● **DATA FOR THE TASK**

definition ccx_hard :: "nat \<Rightarrow> nat \<Rightarrow> 'p set \<Rightarrow> ('p \<Rightarrow> 'v set) \<Rightarrow> ('p \<times> 'v) pform
    \<Rightarrow> ('p, 'v) tvar pform set" where
  "ccx_hard N t P d \<phi> =
     \<comment> \<open>(X)\<close>
     {ExactlyOne {X i p v | v. v \<in> d p} | i p. i \<in> {1..N} \<and> p \<in> P}
     \<comment> \<open>(SUTX)\<close>
   \<union> {rename (\<lambda>(p, v). X i p v) \<phi> | i. i \<in> {1..N}}
     \<comment> \<open>(a)\<close>
   \<union> {PImp (Atom (C i \<tau>)) (POr (Atom (C (i - 1) \<tau>)) (Atom (X i p v))) | i \<tau> p v.
        i \<in> {1..N} \<and> \<tau> \<in> allowed_tuples t P d \<phi> \<and> (p, v) \<in> \<tau>}
     \<comment> \<open>(c)\<close>
   \<union> {PImp (Atom (C N \<tau>)) (PNot (Atom (C 0 \<tau>))) | \<tau>. \<tau> \<in> allowed_tuples t P d \<phi>}"

definition ccx_soft :: "nat \<Rightarrow> nat \<Rightarrow> 'p set \<Rightarrow> ('p \<Rightarrow> 'v set) \<Rightarrow> ('p \<times> 'v) pform
    \<Rightarrow> (('p, 'v) tvar pform \<times> nat) set" where
  "ccx_soft N t P d \<phi> = {(Atom (C N \<tau>), 1) | \<tau>. \<tau> \<in> allowed_tuples t P d \<phi>}"

end

theory Submission
  imports Defs
begin

(* The x-variables of a model of the hard constraints describe N test cases, by (X) and (SUTX).
   Reading i \<mapsto> c^i_\<tau> as a counter, (c) forces it to rise somewhere between 0 and N whenever
   c^N_\<tau> holds, and (a) says that it can only rise at a step i whose test case covers \<tau>; so
   at most T(N;t,S) soft clauses hold. Conversely, any N test cases, with c^i_\<tau> read as
   "\<tau> is covered by one of the first i of them", satisfy the hard constraints and make exactly
   the covered tuples true, and a list attaining T(N;t,S) exists. *)

lemma Ex1_image_iff:
  assumes "inj_on g S"
  shows "(\<exists>!a. a \<in> g ` S \<and> P a) \<longleftrightarrow> (\<exists>!b. b \<in> S \<and> P (g b))"
  using assms unfolding inj_on_def by blast

lemma peval_cong:
  "(\<And>a. a \<in> atoms f \<Longrightarrow> \<alpha> a = \<beta> a) \<Longrightarrow> peval \<alpha> f = peval \<beta> f"
  by (induction f) auto

lemma peval_rename:
  "inj g \<Longrightarrow> peval \<alpha> (rename g f) = peval (\<alpha> \<circ> g) f"
  by (induction f) (simp_all add: Ex1_image_iff inj_on_subset[of g UNIV])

● **YOUR GOAL**
Please give an exact copy of the lines above, beginning with the line containing "imports Defs" and running through the line containing "at most T(N;t,S)", and of no other lines.

● **RESPONSE TO THE TASK**
  imports Defs
begin

(* The x-variables of a model of the hard constraints describe N test cases, by (X) and (SUTX).
   Reading i \<mapsto> c^i_\<tau> as a counter, (c) forces it to rise somewhere between 0 and N whenever
   c^N_\<tau> holds, and (a) says that it can only rise at a step i whose test case covers \<tau>; so
   at most T(N;t,S) soft clauses hold. Conversely, any N test cases, with c^i_\<tau> read as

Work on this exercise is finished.